In order, under colour of its fairness,

To gain advantage from them—ha?


NATHAN

   Al-Hafi,

Go to your desert quickly.  Among men

I fear you’ll soon unlearn to be a man.


HAFI

And so do I—farewell.


NATHAN

   What, so abruptly?

Stay, stay, Al-Hafi; has the desert wings?
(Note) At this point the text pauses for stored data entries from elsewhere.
text \<open>The series of \<open>-ln (1 - t) / t - 1\<close>; the arguments \<open>i! / (i + 1)\<close> of the Bell polynomials
  in \<^const>\<open>dcoef\<close> are \<open>i!\<close> times its coefficients.\<close>
definition log_ratio_fps :: "complex fps" where
  "log_ratio_fps = reduced_egf (\<lambda>i. of_nat (fact i) / of_nat (i + 1))"

lemma log_ratio_fps_nth: "log_ratio_fps $ i = (if i = 0 then 0 else 1 / of_nat (i + 1))"
  by (simp add: log_ratio_fps_def reduced_egf_def)

lemma fps_X_mult_one_plus_log_ratio_fps: "fps_X * (1 + log_ratio_fps) = Abs_fps (\<lambda>n. 1 / of_nat n)"
proof (rule fps_ext)
  fix n :: nat
  show "(fps_X * (1 + log_ratio_fps)) $ n = Abs_fps (\<lambda>n. 1 / of_nat n) $ n"
    by (cases n) (auto simp: log_ratio_fps_nth)
qed

lemma fps_binomial_compose_log_ratio_fps_nth:
  assumes "r > 0" "j \<ge> 1"
  shows "(fps_binomial (complex_of_real r - 1) oo log_ratio_fps) $ j / Gamma (complex_of_real r)
         = dcoef r j / Gamma (complex_of_real (r + real j))"
proof -
  have pos: "complex_of_real x \<notin> \<int>\<^sub>\<le>\<^sub>0" if "x > 0" for x
    using that by (auto simp: of_real_in_nonpos_Ints_iff)
  have r: "complex_of_real r \<notin> \<int>\<^sub>\<le>\<^sub>0"
    using assms(1) by (rule pos)
  moreover have "complex_of_real (r + real j) \<notin> \<int>\<^sub>\<le>\<^sub>0"
    using assms(1) by (intro pos) simp
  ultimately have "Gamma (complex_of_real r) \<noteq> 0" "Gamma (complex_of_real (r + real j)) \<noteq> 0"
    by (simp_all add: Gamma_eq_zero_iff)
  then show ?thesis
    unfolding log_ratio_fps_def fps_binomial_compose_reduced_egf_nth[OF r assms(2)] dcoef_def
    by (simp add: rGamma_inverse_Gamma)
qed

section \<open>The substitution \<open>\<xi> = -ln (1 - t)\<close>\<close>

lemma fps_expansions_eq_if_eventually_eq_at_0:
  fixes f g :: "complex \<Rightarrow> complex"
  assumes "f has_fps_expansion F" "g has_fps_expansion G" "eventually (\<lambda>x. f x = g x) (at 0)"
  shows "F = G"
proof -
  have "f has_laurent_expansion fps_to_fls F" "g has_laurent_expansion fps_to_fls G"
    using assms(1,2) by (simp_all add: has_fps_expansion_to_laurent)
  then have "f has_laurent_expansion fps_to_fls G"
    using has_laurent_expansion_cong[OF assms(3) refl] by simp
  then show ?thesis
    using has_laurent_expansion_unique \<open>f has_laurent_expansion fps_to_fls F\<close> by fastforce
qed

lemma has_fps_expansion_neg_Ln_one_minus:
  "(\<lambda>t. - Ln (1 - t)) has_fps_expansion fps_X * (1 + log_ratio_fps)"
  unfolding fps_X_mult_one_plus_log_ratio_fps
proof (rule has_fps_expansionI)
  have "eventually (\<lambda>t::complex. t \<in> ball 0 1) (nhds 0)"
    by (rule eventually_nhds_in_open) auto
  then show "eventually (\<lambda>t. (\<lambda>n. Abs_fps (\<lambda>n. 1 / of_nat n) $ n * t ^ n) sums - Ln (1 - t)) (nhds 0)"
  proof eventually_elim
    case (elim t)
    then have "norm (- t) < 1" by simp
    from sums_minus[OF Ln_series'[OF this]] show ?case
      by (simp add: field_simps)
  qed
qed

lemma has_fps_expansion_neg_Ln_one_minus_div_powr:
  "(\<lambda>t. (if t = 0 then 1 else - Ln (1 - t) / t) powr c) has_fps_expansion (fps_binomial c oo log_ratio_fps)"
proof -
  define \<psi> where "\<psi> = (\<lambda>t. if t = 0 then 1 else - Ln (1 - t) / t)"
  have "subdegree (fps_X * (1 + log_ratio_fps)) \<ge> 1"
    by (rule subdegree_geI) (auto simp: log_ratio_fps_nth dest: arg_cong[where f = "\<lambda>F. fps_nth F 0"])
  from has_fps_expansion_shift[OF has_fps_expansion_neg_Ln_one_minus this refl]
  have "\<psi> has_fps_expansion fps_shift 1 ((1 + log_ratio_fps) * fps_X)"
    by (simp add: \<psi>_def log_ratio_fps_nth mult.commute[of fps_X] cong: if_cong)
  then have "\<psi> has_fps_expansion 1 + log_ratio_fps"
    by (simp only: fps_shift_times_fps_X')
  then have "(\<lambda>t. \<psi> t - 1) has_fps_expansion log_ratio_fps"
    using has_fps_expansion_diff[OF _ has_fps_expansion_1] by fastforce
  from has_fps_expansion_compose[OF has_fps_expansion_binomial_complex this]
  show ?thesis
    by (simp add: o_def \<psi>_def log_ratio_fps_nth)
qed

lemma Abs_fps_eq_after_neg_Ln_substitution:
  fixes G :: "complex \<Rightarrow> complex" and D :: "nat \<Rightarrow> complex" and S :: "complex fps"
  assumes S: "fps_conv_radius S > 0" and r: "r > 0"
    and G: "\<forall>\<xi>\<in>ball 0 r - {0}. G \<xi> = (\<xi> / (1 - exp (- \<xi>))) powr c * eval_fps S \<xi>"
    and D: "\<forall>s\<in>ball 1 1. (\<lambda>j. D j * (1 - s) ^ j) sums G (- Ln s)"
  shows "Abs_fps D = (fps_binomial c oo log_ratio_fps) * (S oo fps_X * (1 + log_ratio_fps))"
proof -
  define L where "L t = - Ln (1 - t)" for t :: complex
  define \<psi> where "\<psi> = (\<lambda>t. if t = 0 then 1 else L t / t)"
  have L: "L has_fps_expansion fps_X * (1 + log_ratio_fps)"
    unfolding L_def by (rule has_fps_expansion_neg_Ln_one_minus)
  have "(\<lambda>t. \<psi> t powr c) has_fps_expansion (fps_binomial c oo log_ratio_fps)"
    unfolding \<psi>_def L_def by (rule has_fps_expansion_neg_Ln_one_minus_div_powr)
  moreover have "(\<lambda>t. eval_fps S (L t)) has_fps_expansion (S oo fps_X * (1 + log_ratio_fps))"
    using has_fps_expansion_compose[OF eval_fps_has_fps_expansion[OF S] L] by (simp add: o_def)
  ultimately have RHS: "(\<lambda>t. \<psi> t powr c * eval_fps S (L t)) has_fps_expansion
                          (fps_binomial c oo log_ratio_fps) * (S oo fps_X * (1 + log_ratio_fps))"
    by (rule has_fps_expansion_mult)
  have "eventually (\<lambda>t::complex. t \<in> ball 0 1) (nhds 0)"
    by (rule eventually_nhds_in_open) auto
  then have LHS: "(\<lambda>t. G (L t)) has_fps_expansion Abs_fps D"
  proof (intro has_fps_expansionI, elim eventually_mono)
    fix t :: complex assume "t \<in> ball 0 1"
    then have "1 - t \<in> ball 1 1"
      by (simp add: dist_norm)
    from D[rule_format, OF this] show "(\<lambda>n. Abs_fps D $ n * t ^ n) sums G (L t)"
      by (simp add: L_def)
  qed
  have "(L \<longlongrightarrow> 0) (at 0)"
    using has_fps_expansion_imp_continuous[OF L] by (simp add: continuous_within L_def)
  then have "eventually (\<lambda>t. L t \<in> ball 0 r) (at 0)"
    using r by (intro topological_tendstoD) auto
  moreover have "eventually (\<lambda>t::complex. t \<in> ball 0 1 - {0}) (at 0)"
    by (rule eventually_at_in_open) auto
  ultimately have "eventually (\<lambda>t. G (L t) = \<psi> t powr c * eval_fps S (L t)) (at 0)"
  proof eventually_elim
    case (elim t)
    then have "1 - t \<noteq> 0"
      by auto
    then have "exp (- L t) = 1 - t"
      by (simp add: L_def)
    with elim have "L t \<in> ball 0 r - {0}" and "L t / (1 - exp (- L t)) = \<psi> t"
      by (auto simp: \<psi>_def)
    then show ?case
      using G by auto
  qed
  then show ?thesis
    by (rule fps_expansions_eq_if_eventually_eq_at_0[OF LHS RHS])
qed

section \<open>Convergence from the Gevrey bound\<close>

lemma conv_radius_pos_if_geometric_bound:
  fixes f :: "nat \<Rightarrow> complex"
  assumes bound: "\<And>k. norm (f k) \<le> C * R ^ k" and R: "R > 0"
  shows "conv_radius f > 0"
proof -
  define z where "z = complex_of_real (1 / (2 * R))"
  have norm_z: "norm z = 1 / (2 * R)"
    unfolding z_def norm_of_real using R by simp
  have term_bound: "norm (f k * z ^ k) \<le> C * (1 / 2) ^ k" for k
  proof -
    have "norm (f k * z ^ k) = norm (f k) * (1 / (2 * R)) ^ k"
      by (simp add: norm_z norm_mult norm_power)
    also have "\<dots> \<le> C * R ^ k * (1 / (2 * R)) ^ k"
      using R by (intro mult_right_mono bound) simp
    also have "\<dots> = C * (R * (1 / (2 * R))) ^ k"
      by (simp only: power_mult_distrib mult.assoc)
    also have "R * (1 / (2 * R)) = 1 / 2"
      using R by simp
    finally show ?thesis .
  qed
  have "summable (\<lambda>k. C * (1 / 2 :: real) ^ k)"
    by (intro summable_mult summable_geometric) simp
  then have "summable (\<lambda>k. f k * z ^ k)"
    by (rule summable_comparison_test'[where N = 0]) (rule term_bound)
  then have "conv_radius f \<ge> norm z"
    by (rule conv_radius_geI)
  moreover have "norm z > 0"
    using R by (simp add: norm_z)
  ultimately show ?thesis
    by (simp add: order_less_le_trans[of 0 "ereal (norm z)"])
qed

lemma gevrey1_Borel_coeff_bound:
  assumes "gevrey1 m a" "m \<ge> 1"
  obtains C K :: real where "C \<ge> 0" "K \<ge> 1"
    "\<And>n. n \<ge> 1 \<Longrightarrow> norm (a n / Gamma (complex_of_real (real n / real m))) \<le> C * K ^ n * (real n / real m)"
proof -
  obtain C K where CK: "\<And>n. norm (a n) \<le> C * K ^ n * Gamma (1 + real n / real m)"
    using assms(1) unfolding gevrey1_def by blast
  have "norm (a n / Gamma (complex_of_real (real n / real m))) \<le> \<bar>C\<bar> * (\<bar>K\<bar> + 1) ^ n * (real n / real m)"
    if "n \<ge> 1" for n
  proof -
    define x where "x = real n / real m"
    have x: "x > 0"
      using that assms(2) by (simp add: x_def)
    then have Gamma_Suc: "Gamma (1 + x) = x * Gamma x"
      using Gamma_plus1[of x] nonpos_Ints_nonpos[of x] by (metis add.commute not_le)
    have "C * K ^ n \<le> \<bar>C\<bar> * (\<bar>K\<bar> + 1) ^ n"
      by (rule order_trans[OF abs_ge_self]) (simp add: abs_mult power_abs mult_left_mono power_mono)
    moreover have "Gamma (1 + x) > 0"
      using x by simp
    ultimately have "norm (a n) \<le> \<bar>C\<bar> * (\<bar>K\<bar> + 1) ^ n * Gamma (1 + x)"
      using CK[of n] unfolding x_def by (meson mult_right_mono less_imp_le order_trans)
    then have "norm (a n) \<le> \<bar>C\<bar> * (\<bar>K\<bar> + 1) ^ n * (x * Gamma x)"
      by (simp only: Gamma_Suc)
    moreover have "norm (Gamma (complex_of_real x)) = Gamma x"
      using x by (simp add: Gamma_complex_of_real)
    ultimately show ?thesis
      using x unfolding x_def[symmetric] norm_divide by (simp add: divide_le_eq mult_ac)
  qed
  then show ?thesis
    using that[of "\<bar>C\<bar>" "\<bar>K\<bar> + 1"] by simp
qed

lemma fps_conv_radius_Borel_subseries_pos:
  assumes "gevrey1 m a" "m \<ge> 1" "l \<in> {1..m}"
  shows "fps_conv_radius (Abs_fps (\<lambda>k. a (l + m * k) / Gamma (complex_of_real (real l / real m + real k)))) > 0"
proof -
  obtain C K where C: "C \<ge> 0" and K: "K \<ge> 1" and bound:
    "\<And>n. n \<ge> 1 \<Longrightarrow> norm (a n / Gamma (complex_of_real (real n / real m))) \<le> C * K ^ n * (real n / real m)"
    using gevrey1_Borel_coeff_bound[OF assms(1,2)] by blast
  have "norm (a (l + m * k) / Gamma (complex_of_real (real l / real m + real k))) \<le> C * K ^ l * (2 * K ^ m) ^ k" for k
  proof -
    have index: "real l / real m + real k = real (l + m * k) / real m"
      using assms(2) by (simp add: field_simps)
    have "1 + real k \<le> 2 ^ k"
      using less_exp[of k] by (metis Suc_leI of_nat_Suc of_nat_le_iff of_nat_numeral of_nat_power)
    moreover have "real l / real m \<le> 1"
      using assms(3) by simp
    ultimately have "real l / real m + real k \<le> 2 ^ k"
      by linarith
    then have "C * K ^ (l + m * k) * (real l / real m + real k) \<le> C * K ^ (l + m * k) * 2 ^ k"
      using C K by (intro mult_left_mono) simp_all
    also have "\<dots> = C * K ^ l * (2 * K ^ m) ^ k"
      by (simp add: power_add power_mult power_mult_distrib)
    finally show ?thesis
      using bound[of "l + m * k"] assms(3) unfolding index by simp
  qed
  then show ?thesis
    unfolding fps_conv_radius_def using K
    by (intro conv_radius_pos_if_geometric_bound[where C = "C * K ^ l" and R = "2 * K ^ m"]) auto
qed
Man, ’twill not run away, I warrant you—

Hear, hear, I want you—want to talk with you—

He’s gone.  I could have liked to question him

About our templar.  He will likely know him.


Nathan and Daya

Daya (bursting in)

O Nathan, Nathan!


NATHAN

   Well, what now?


DAYA

      He’s there.

He shows himself again.


NATHAN

   Who, Daya, who?


DAYA

He! he!


NATHAN

   When cannot He be seen?  Indeed

Your He is only one; that should not be,

Were he an angel even.


DAYA

   ’Neath the palms

He wanders up and down, and gathers dates.


NATHAN

And eats?—and as a templar?


DAYA

   How you tease us!

Her eager eye espied him long ago,

While he scarce gleamed between the further stems,

And follows him most punctually.  Go,

She begs, conjures you, go without delay;

And from the window will make signs to you

Which way his rovings bend.  Do, do make haste.


NATHAN

What! thus, as I alighted from my camel,

Would that be decent?  Swift, do you accost him,

Tell him of my return.  I do not doubt,

His delicacy in the master’s absence

Forbore my house; but gladly will accept

The father’s invitation.  Say, I ask him,

Most heartily request him—


DAYA

   All in vain!

In short, he will not visit any Jew.


NATHAN

Then do thy best endeavours to detain him,

Or with thine eyes to watch his further haunt,

Till I rejoin you.  I shall not be long.